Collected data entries
┄┄┄┄┄┄┄┄┄┄
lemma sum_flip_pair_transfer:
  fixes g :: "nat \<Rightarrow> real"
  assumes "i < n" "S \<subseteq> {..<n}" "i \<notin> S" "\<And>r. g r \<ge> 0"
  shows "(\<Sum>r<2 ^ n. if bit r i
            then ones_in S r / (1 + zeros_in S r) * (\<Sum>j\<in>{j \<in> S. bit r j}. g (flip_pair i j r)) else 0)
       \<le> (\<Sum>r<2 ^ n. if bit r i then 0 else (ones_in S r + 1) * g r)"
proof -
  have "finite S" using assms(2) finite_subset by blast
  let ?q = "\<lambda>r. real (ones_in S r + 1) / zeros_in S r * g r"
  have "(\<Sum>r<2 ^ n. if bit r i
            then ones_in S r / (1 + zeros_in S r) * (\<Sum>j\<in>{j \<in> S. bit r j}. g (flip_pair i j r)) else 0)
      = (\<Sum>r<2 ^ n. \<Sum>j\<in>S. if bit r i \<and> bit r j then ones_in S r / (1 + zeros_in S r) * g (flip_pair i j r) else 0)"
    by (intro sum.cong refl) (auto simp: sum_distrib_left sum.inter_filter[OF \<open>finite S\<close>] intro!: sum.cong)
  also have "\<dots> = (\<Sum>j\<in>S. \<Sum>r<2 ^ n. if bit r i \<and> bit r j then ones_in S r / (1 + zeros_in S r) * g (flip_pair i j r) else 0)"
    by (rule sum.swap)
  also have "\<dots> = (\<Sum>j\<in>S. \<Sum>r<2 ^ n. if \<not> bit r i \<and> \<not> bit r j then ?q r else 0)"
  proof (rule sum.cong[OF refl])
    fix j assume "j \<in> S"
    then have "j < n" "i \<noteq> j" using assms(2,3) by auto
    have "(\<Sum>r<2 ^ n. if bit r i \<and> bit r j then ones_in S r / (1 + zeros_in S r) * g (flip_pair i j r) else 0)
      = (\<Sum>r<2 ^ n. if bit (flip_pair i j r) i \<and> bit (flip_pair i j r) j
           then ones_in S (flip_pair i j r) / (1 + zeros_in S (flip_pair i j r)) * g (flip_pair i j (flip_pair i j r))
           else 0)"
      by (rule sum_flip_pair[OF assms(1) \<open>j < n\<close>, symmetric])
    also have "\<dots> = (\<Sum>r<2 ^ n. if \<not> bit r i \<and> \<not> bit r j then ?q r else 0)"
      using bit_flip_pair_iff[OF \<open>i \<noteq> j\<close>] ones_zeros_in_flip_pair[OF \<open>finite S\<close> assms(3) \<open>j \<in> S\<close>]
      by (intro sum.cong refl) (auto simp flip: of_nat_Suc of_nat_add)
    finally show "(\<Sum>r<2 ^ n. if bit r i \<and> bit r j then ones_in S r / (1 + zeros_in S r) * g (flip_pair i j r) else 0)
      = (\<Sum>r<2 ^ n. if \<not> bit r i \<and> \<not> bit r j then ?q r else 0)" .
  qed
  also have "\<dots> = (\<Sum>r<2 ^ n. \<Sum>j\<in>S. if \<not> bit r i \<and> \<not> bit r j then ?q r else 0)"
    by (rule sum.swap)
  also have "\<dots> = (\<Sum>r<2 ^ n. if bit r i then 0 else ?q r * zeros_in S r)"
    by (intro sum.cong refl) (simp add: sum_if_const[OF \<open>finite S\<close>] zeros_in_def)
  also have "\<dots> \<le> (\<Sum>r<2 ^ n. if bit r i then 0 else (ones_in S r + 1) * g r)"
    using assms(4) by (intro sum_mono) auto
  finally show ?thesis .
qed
┄┄┄┄┄┄┄┄┄┄
* TO DO: All of the data above should be set down word for word.

* OUTPUT:
lemma sum_flip_pair_transfer:
  fixes g :: "nat \<Rightarrow> real"
  assumes "i < n" "S \<subseteq> {..<n}" "i \<notin> S" "\<And>r. g r \<ge> 0"
  shows "(\<Sum>r<2 ^ n. if bit r i
            then ones_in S r / (1 + zeros_in S r) * (\<Sum>j\<in>{j \<in> S. bit r j}. g (flip_pair i j r)) else 0)
       \<le> (\<Sum>r<2 ^ n. if bit r i then 0 else (ones_in S r + 1) * g r)"
proof -
  have "finite S" using assms(2) finite_subset by blast
  let ?q = "\<lambda>r. real (ones_in S r + 1) / zeros_in S r * g r"
  have "(\<Sum>r<2 ^ n. if bit r i
            then ones_in S r / (1 + zeros_in S r) * (\<Sum>j\<in>{j \<in> S. bit r j}. g (flip_pair i j r)) else 0)
      = (\<Sum>r<2 ^ n. \<Sum>j\<in>S. if bit r i \<and> bit r j then ones_in S r / (1 + zeros_in S r) * g (flip_pair i j r) else 0)"
    by (intro sum.cong refl) (auto simp: sum_distrib_left sum.inter_filter[OF \<open>finite S\<close>] intro!: sum.cong)
  also have "\<dots> = (\<Sum>j\<in>S. \<Sum>r<2 ^ n. if bit r i \<and> bit r j then ones_in S r / (1 + zeros_in S r) * g (flip_pair i j r) else 0)"
    by (rule sum.swap)
  also have "\<dots> = (\<Sum>j\<in>S. \<Sum>r<2 ^ n. if \<not> bit r i \<and> \<not> bit r j then ?q r else 0)"
  proof (rule sum.cong[OF refl])
    fix j assume "j \<in> S"
    then have "j < n" "i \<noteq> j" using assms(2,3) by auto
    have "(\<Sum>r<2 ^ n. if bit r i \<and> bit r j then ones_in S r / (1 + zeros_in S r) * g (flip_pair i j r) else 0)
      = (\<Sum>r<2 ^ n. if bit (flip_pair i j r) i \<and> bit (flip_pair i j r) j
           then ones_in S (flip_pair i j r) / (1 + zeros_in S (flip_pair i j r)) * g (flip_pair i j (flip_pair i j r))
           else 0)"
      by (rule sum_flip_pair[OF assms(1) \<open>j < n\<close>, symmetric])
    also have "\<dots> = (\<Sum>r<2 ^ n. if \<not> bit r i \<and> \<not> bit r j then ?q r else 0)"
      using bit_flip_pair_iff[OF \<open>i \<noteq> j\<close>] ones_zeros_in_flip_pair[OF \<open>finite S\<close> assms(3) \<open>j \<in> S\<close>]
      by (intro sum.cong refl) (auto simp flip: of_nat_Suc of_nat_add)
    finally show "(\<Sum>r<2 ^ n. if bit r i \<and> bit r j then ones_in S r / (1 + zeros_in S r) * g (flip_pair i j r) else 0)
      = (\<Sum>r<2 ^ n. if \<not> bit r i \<and> \<not> bit r j then ?q r else 0)" .
  qed
  also have "\<dots> = (\<Sum>r<2 ^ n. \<Sum>j\<in>S. if \<not> bit r i \<and> \<not> bit r j then ?q r else 0)"
    by (rule sum.swap)
  also have "\<dots> = (\<Sum>r<2 ^ n. if bit r i then 0 else ?q r * zeros_in S r)"
    by (intro sum.cong refl) (simp add: sum_if_const[OF \<open>finite S\<close>] zeros_in_def)
  also have "\<dots> \<le> (\<Sum>r<2 ^ n. if bit r i then 0 else (ones_in S r + 1) * g r)"
    using assms(4) by (intro sum_mono) auto
  finally show ?thesis .
qed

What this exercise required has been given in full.